lemma card_le_basis:
  fixes v :: "'i \<Rightarrow> 'a"
  shows "finite I \<Longrightarrow> zindep_on I v \<Longrightarrow> card I \<le> card B"
  using zindep_on_card_le[OF finite_basis, of I v] in_zspan_basis by blast

lemma rank_quot_eq_Max:
  fixes H G :: "'a set"
  assumes "0 \<in> H"
  defines "C \<equiv> {card S |S. finite S \<and> S \<subseteq> G \<and> zindep_mod H S}"
  shows "finite C \<and> C \<noteq> {} \<and> rank_quot G H = Max C"
proof -
  have "C \<subseteq> {..card B}"
    using card_le_basis zindep_mod_imp_zindep[OF assms(1)] by (auto simp: C_def)
  then have "finite C" using finite_subset by blast
  moreover have "card {} \<in> C" unfolding C_def zindep_mod_def by (intro CollectI exI[of _ "{}"]) simp
  ultimately show ?thesis
    unfolding rank_quot_def C_def[symmetric] by (auto intro: cSup_eq_Max)
qed

lemma rank_quot_attained:
  fixes H G :: "'a set"
  assumes "0 \<in> H"
  obtains S where "finite S" "S \<subseteq> G" "zindep_mod H S" "card S = rank_quot G H"
proof -
  let ?C = "{card S |S. finite S \<and> S \<subseteq> G \<and> zindep_mod H S}"
  have "Max ?C \<in> ?C" using rank_quot_eq_Max[OF assms, of G] by (intro Max_in) simp_all
  then show ?thesis using that rank_quot_eq_Max[OF assms, of G] by auto
qed

lemma card_le_rank_quot:
  fixes H G :: "'a set"
  assumes "0 \<in> H" "finite S" "S \<subseteq> G" "zindep_mod H S"
  shows "card S \<le> rank_quot G H"
  using rank_quot_eq_Max[OF assms(1), of G] assms(2-4) by (auto intro: Max_ge)

lemma rank_quot_maximal:
  fixes H G :: "'a set"
  assumes "0 \<in> H" "finite S" "S \<subseteq> G" "zindep_mod H S" "card S = rank_quot G H" "g \<in> G"
  obtains k c where "k \<noteq> 0" "of_int k * g + (\<Sum>s\<in>S. of_int (c s) * s) \<in> H"
proof (cases "g \<in> S")
  case True
  have "of_int 1 * g + (\<Sum>s\<in>S. of_int (if s = g then -1 else 0) * s) = 0"
    using lincomb_delta[OF assms(2) True, of "-1" "\<lambda>s. s"] by simp
  then show ?thesis using that assms(1) by (metis one_neq_zero)
next
  case False
  have "\<not> zindep_mod H (insert g S)"
    using card_le_rank_quot[OF assms(1), where S = "insert g S" and G = G] False assms(2,3,5,6) by auto
  then obtain c where c: "(\<Sum>s\<in>insert g S. of_int (c s) * s) \<in> H" "\<exists>s\<in>insert g S. c s \<noteq> 0"
    unfolding zindep_mod_def by blast
  have sum: "(\<Sum>s\<in>insert g S. of_int (c s) * s) = of_int (c g) * g + (\<Sum>s\<in>S. of_int (c s) * s)"
    using False assms(2) by simp
  have "c g \<noteq> 0"
    using c assms(4) unfolding sum zindep_mod_def by fastforce
  then show ?thesis using that c(1) unfolding sum by blast
qed

lemma card_le_zrank:
  fixes G :: "'a set" and v :: "'i \<Rightarrow> 'a"
  assumes "finite I" "v ` I \<subseteq> G" "zindep_on I v"
  shows "card I \<le> zrank G"
proof -
  have "card (v ` I) \<le> zrank G"
    using zindep_on_image(2)[OF assms(1,3)] assms(1,2)
    by (intro card_le_rank_quot) (simp_all add: zindep_mod_zero_iff)
  then show ?thesis using card_image[OF zindep_on_image(1)[OF assms(1,3)]] by simp
qed

lemma zrank_le_card:
  fixes G :: "'a set"
  assumes "finite T" "\<And>g. g \<in> G \<Longrightarrow> \<exists>k. k \<noteq> 0 \<and> of_int k * g \<in> zspan T"
  shows "zrank G \<le> card T"
proof -
  obtain U where U: "finite U" "U \<subseteq> G" "zindep_mod {0} U" "card U = zrank G"
    using rank_quot_attained[where H = "{0}" and G = G] by blast
  have "\<forall>u\<in>U. \<exists>k. k \<noteq> 0 \<and> of_int k * u \<in> zspan T" using assms(2) U(2) by blast
  then obtain k where k: "\<And>u. u \<in> U \<Longrightarrow> k u \<noteq> 0 \<and> of_int (k u) * u \<in> zspan T"
    by metis
  have "card U \<le> card T"
    using zindep_on_card_le[OF assms(1) U(1) zindep_on_scale[of U "\<lambda>u. u" k]] U(3) k
    by (auto simp: zindep_mod_zero_iff)
  then show ?thesis using U(4) by simp
qed

lemma zrank_UNIV: "zrank (UNIV :: 'a set) = card B"
proof (rule order_antisym)
  obtain S :: "'a set" where S: "finite S" "zindep_mod {0} S" "card S = zrank (UNIV :: 'a set)"
    by (rule rank_quot_attained[where H = "{0}" and G = UNIV]) simp_all
  have "card S \<le> card B" using card_le_basis[of S "\<lambda>s. s"] S(1,2) by (simp add: zindep_mod_zero_iff)
  then show "zrank (UNIV :: 'a set) \<le> card B" using S(3) by simp
  show "card B \<le> zrank (UNIV :: 'a set)"
    by (rule card_le_zrank[OF finite_basis _ zindep_basis]) simp
qed

lemma zrank_zero: "zrank {0::'a} = 0"
proof -
  have "\<exists>k. k \<noteq> 0 \<and> of_int k * g \<in> zspan {}" if "g \<in> {0}" for g :: 'a
    using that by (intro exI[of _ 1]) (simp add: zspan_empty)
  then show ?thesis using zrank_le_card[of "{}" "{0}"] by simp
qed

lemma zrank_eq_rank_quot_add_zrank:
  fixes G H :: "'a set"
  assumes H: "add_subgroup H" "H \<subseteq> G"
  shows "zrank G = rank_quot G H + zrank H"
proof (rule order_antisym)
  obtain S where S: "finite S" "S \<subseteq> G" "zindep_mod H S" "card S = rank_quot G H"
    by (rule rank_quot_attained[where H = H and G = G]) (use add_subgroup_zero[OF H(1)] in simp_all)
  obtain T where T: "finite T" "T \<subseteq> H" "zindep_mod {0} T" "card T = zrank H"
    by (rule rank_quot_attained[where H = "{0}" and G = H]) simp_all
  have "\<exists>k. k \<noteq> 0 \<and> of_int k * g \<in> zspan (S \<union> T)" if g: "g \<in> G" for g
  proof -
    obtain k c where k: "k \<noteq> 0" and h: "of_int k * g + (\<Sum>s\<in>S. of_int (c s) * s) \<in> H"
      using rank_quot_maximal[OF add_subgroup_zero[OF H(1)] S g] by blast
    obtain m c' where m: "m \<noteq> 0"
      and "of_int m * (of_int k * g + (\<Sum>s\<in>S. of_int (c s) * s)) + (\<Sum>t\<in>T. of_int (c' t) * t) \<in> {0}"
      using rank_quot_maximal[of "{0}" T H, OF _ T h] by blast
    then have "of_int (m * k) * g = - (\<Sum>t\<in>T. of_int (c' t) * t) - of_int m * (\<Sum>s\<in>S. of_int (c s) * s)"
      by (simp add: algebra_simps eq_neg_iff_add_eq_0)
    also have "\<dots> \<in> zspan (S \<union> T)"
      using subset_zspan[of "S \<union> T"] S(1) T(1) add_subgroup_zspan
      by (intro add_subgroup_diff add_subgroup_uminus add_subgroup_of_int_mult add_subgroup_lincomb) auto
    finally show ?thesis using k m by (intro exI[of _ "m * k"]) simp
  qed
  then have "zrank G \<le> card (S \<union> T)" using S(1) T(1) by (intro zrank_le_card) simp_all
  then show "zrank G \<le> rank_quot G H + zrank H"
    using card_Un_le[of S T] S(4) T(4) by simp
  define w :: "'a + 'a \<Rightarrow> 'a" where "w = case_sum (\<lambda>s. s) (\<lambda>t. t)"
  have "zindep_on (S <+> T) w"
  proof (rule zindep_onI)
    fix c assume "(\<Sum>x\<in>S <+> T. of_int (c x) * w x) = 0"
    then have sum: "(\<Sum>s\<in>S. of_int (c (Inl s)) * s) = - (\<Sum>t\<in>T. of_int (c (Inr t)) * t)"
      using S(1) T(1) by (simp add: sum.Plus w_def eq_neg_iff_add_eq_0)
    also have "\<dots> \<in> H" using T(2) by (intro add_subgroup_uminus[OF H(1)] add_subgroup_lincomb[OF H(1)]) auto
    finally have cS: "\<forall>s\<in>S. c (Inl s) = 0" using zindep_modD[OF S(3), of "\<lambda>s. c (Inl s)"] by blast
    then have "(\<Sum>t\<in>T. of_int (c (Inr t)) * t) = 0" using sum by simp
    then have "\<forall>t\<in>T. c (Inr t) = 0" using zindep_modD[OF T(3), of "\<lambda>t. c (Inr t)"] by simp
    then show "\<forall>x\<in>S <+> T. c x = 0" using cS by blast
  qed
  moreover have "w ` (S <+> T) \<subseteq> G" using S(2) T(2) H(2) by (auto simp: w_def)
  ultimately have "card (S <+> T) \<le> zrank G" using S(1) T(1) by (intro card_le_zrank) simp_all
  then show "rank_quot G H + zrank H \<le> zrank G" using card_Plus[OF S(1) T(1)] S(4) T(4) by simp
qed

end

section \<open>Saturated subgroups are direct summands\<close>

definition saturated :: "'a::comm_ring_1 set \<Rightarrow> bool" where
  "saturated H \<longleftrightarrow> (\<forall>k x. k \<noteq> 0 \<longrightarrow> of_int k * x \<in> H \<longrightarrow> x \<in> H)"

lemma saturatedD: "saturated H \<Longrightarrow> k \<noteq> 0 \<Longrightarrow> of_int k * x \<in> H \<Longrightarrow> x \<in> H"
  unfolding saturated_def by blast

text \<open>\<open>S\<close> is a basis of \<open>H\<close> whose coordinate functionals \<open>\<mu> s\<close> are defined on the whole ring; thus
  \<open>H\<close> is a direct summand.\<close>

definition summand_basis :: "'a::comm_ring_1 set \<Rightarrow> 'a set \<Rightarrow> ('a \<Rightarrow> 'a \<Rightarrow> int) \<Rightarrow> bool" where
  "summand_basis H S \<mu> \<longleftrightarrow> finite S \<and> S \<subseteq> H \<and> (\<forall>s\<in>S. additive_on UNIV (\<mu> s))
     \<and> (\<forall>s\<in>S. \<forall>s'\<in>S. \<mu> s s' = (if s = s' then 1 else 0))
     \<and> (\<forall>h\<in>H. (\<Sum>s\<in>S. of_int (\<mu> s h) * s) = h)"

lemma add_subgroup_kernel:
  "add_subgroup H \<Longrightarrow> additive_on UNIV \<mu> \<Longrightarrow> add_subgroup {x\<in>H. \<mu> x = 0}"
  unfolding add_subgroup_def
  using additive_on_zero[OF _ add_subgroup_UNIV, of \<mu>]
    additive_on_diff[OF _ add_subgroup_UNIV UNIV_I UNIV_I, of \<mu> 0] additive_on_add[of UNIV \<mu>]
  by auto

lemma saturated_kernel:
  "saturated H \<Longrightarrow> additive_on UNIV \<mu> \<Longrightarrow> saturated {x\<in>H. \<mu> x = 0}"
  unfolding saturated_def using additive_on_of_int_mult[OF _ add_subgroup_UNIV UNIV_I, of \<mu>] by auto

text \<open>If \<open>\<mu> w = 1\<close>, then \<open>v \<mapsto> v - \<mu> v \<cdot> w\<close> projects \<open>H\<close> onto the kernel of \<open>\<mu>\<close>; a summand basis
  of the kernel, composed with this projection, extends to one of \<open>H\<close> by adding \<open>w\<close>.\<close>

lemma summand_basis_insert:
  fixes \<mu> :: "'a::comm_ring_1 \<Rightarrow> int"
  assumes H: "add_subgroup H" "w \<in> H" and \<mu>: "additive_on UNIV \<mu>" "\<mu> w = 1"
    and K: "summand_basis {x\<in>H. \<mu> x = 0} S \<nu>"
  shows "summand_basis H (insert w S) (\<lambda>s. if s = w then \<mu> else (\<lambda>v. \<nu> s (v - of_int (\<mu> v) * w)))"
proof -
  define p where "p v = v - of_int (\<mu> v) * w" for v
  have \<mu>_add: "\<mu> (x + y) = \<mu> x + \<mu> y" for x y using additive_on_add[OF \<mu>(1)] by simp
  have \<mu>_of_int: "\<mu> (of_int k * x) = k * \<mu> x" for k x
    using additive_on_of_int_mult[OF \<mu>(1) add_subgroup_UNIV] by simp
  have \<mu>_p: "\<mu> (p v) = 0" for v
    using additive_on_diff[OF \<mu>(1) add_subgroup_UNIV] \<mu>_of_int \<mu>(2) by (simp add: p_def)
  have p_add: "p (x + y) = p x + p y" for x y by (simp add: p_def \<mu>_add algebra_simps)
  have p_H: "p v \<in> H" if "v \<in> H" for v
    using that H by (simp add: p_def add_subgroup_diff add_subgroup_of_int_mult)
  from K have S: "finite S" "S \<subseteq> H" "\<And>s. s \<in> S \<Longrightarrow> \<mu> s = 0"
    and \<nu>_add: "\<And>s. s \<in> S \<Longrightarrow> additive_on UNIV (\<nu> s)"
    and \<nu>_dual: "\<And>s s'. s \<in> S \<Longrightarrow> s' \<in> S \<Longrightarrow> \<nu> s s' = (if s = s' then 1 else 0)"
    and \<nu>_span: "\<And>h. h \<in> H \<Longrightarrow> \<mu> h = 0 \<Longrightarrow> (\<Sum>s\<in>S. of_int (\<nu> s h) * s) = h"
    unfolding summand_basis_def by auto
  have wS: "w \<notin> S" using S(3) \<mu>(2) by force
  have p_S: "p s = s" if "s \<in> S" for s using S(3)[OF that] by (simp add: p_def)
  show ?thesis
    unfolding summand_basis_def p_def[symmetric]
  proof (intro conjI ballI)
    show "finite (insert w S)" "insert w S \<subseteq> H" using S H(2) by auto
  next
    fix s assume "s \<in> insert w S"
    then show "additive_on UNIV (if s = w then \<mu> else (\<lambda>v. \<nu> s (p v)))"
      using \<mu>(1) additive_on_add[OF \<nu>_add] unfolding additive_on_def by (auto simp: p_add)
  next
    fix s s' assume "s \<in> insert w S" "s' \<in> insert w S"
    moreover have "p w = 0" by (simp add: p_def \<mu>(2))
    ultimately show "(if s = w then \<mu> else (\<lambda>v. \<nu> s (p v))) s' = (if s = s' then 1 else 0)"
      using \<mu>(2) S(3) wS \<nu>_dual p_S additive_on_zero[OF \<nu>_add add_subgroup_UNIV] by auto
  next
    fix h assume h: "h \<in> H"
    have "(\<Sum>s\<in>insert w S. of_int ((if s = w then \<mu> else (\<lambda>v. \<nu> s (p v))) h) * s)
          = of_int (\<mu> h) * w + (\<Sum>s\<in>S. of_int (\<nu> s (p h)) * s)"
      using S(1) wS by (auto intro!: sum.cong)
    also have "(\<Sum>s\<in>S. of_int (\<nu> s (p h)) * s) = p h" using \<nu>_span p_H[OF h] \<mu>_p by blast
    finally show "(\<Sum>s\<in>insert w S. of_int ((if s = w then \<mu> else (\<lambda>v. \<nu> s (p v))) h) * s) = h"
      by (simp add: p_def)
  qed
qed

§

Set down, exactly as they appear, the lines above from the first one to the line that holds "finite_subset by blast", both included, please, and no others.

Solved problem ->
lemma card_le_basis:
  fixes v :: "'i \<Rightarrow> 'a"
  shows "finite I \<Longrightarrow> zindep_on I v \<Longrightarrow> card I \<le> card B"
  using zindep_on_card_le[OF finite_basis, of I v] in_zspan_basis by blast

lemma rank_quot_eq_Max:
  fixes H G :: "'a set"
  assumes "0 \<in> H"
  defines "C \<equiv> {card S |S. finite S \<and> S \<subseteq> G \<and> zindep_mod H S}"
  shows "finite C \<and> C \<noteq> {} \<and> rank_quot G H = Max C"
proof -
  have "C \<subseteq> {..card B}"
    using card_le_basis zindep_mod_imp_zindep[OF assms(1)] by (auto simp: C_def)
  then have "finite C" using finite_subset by blast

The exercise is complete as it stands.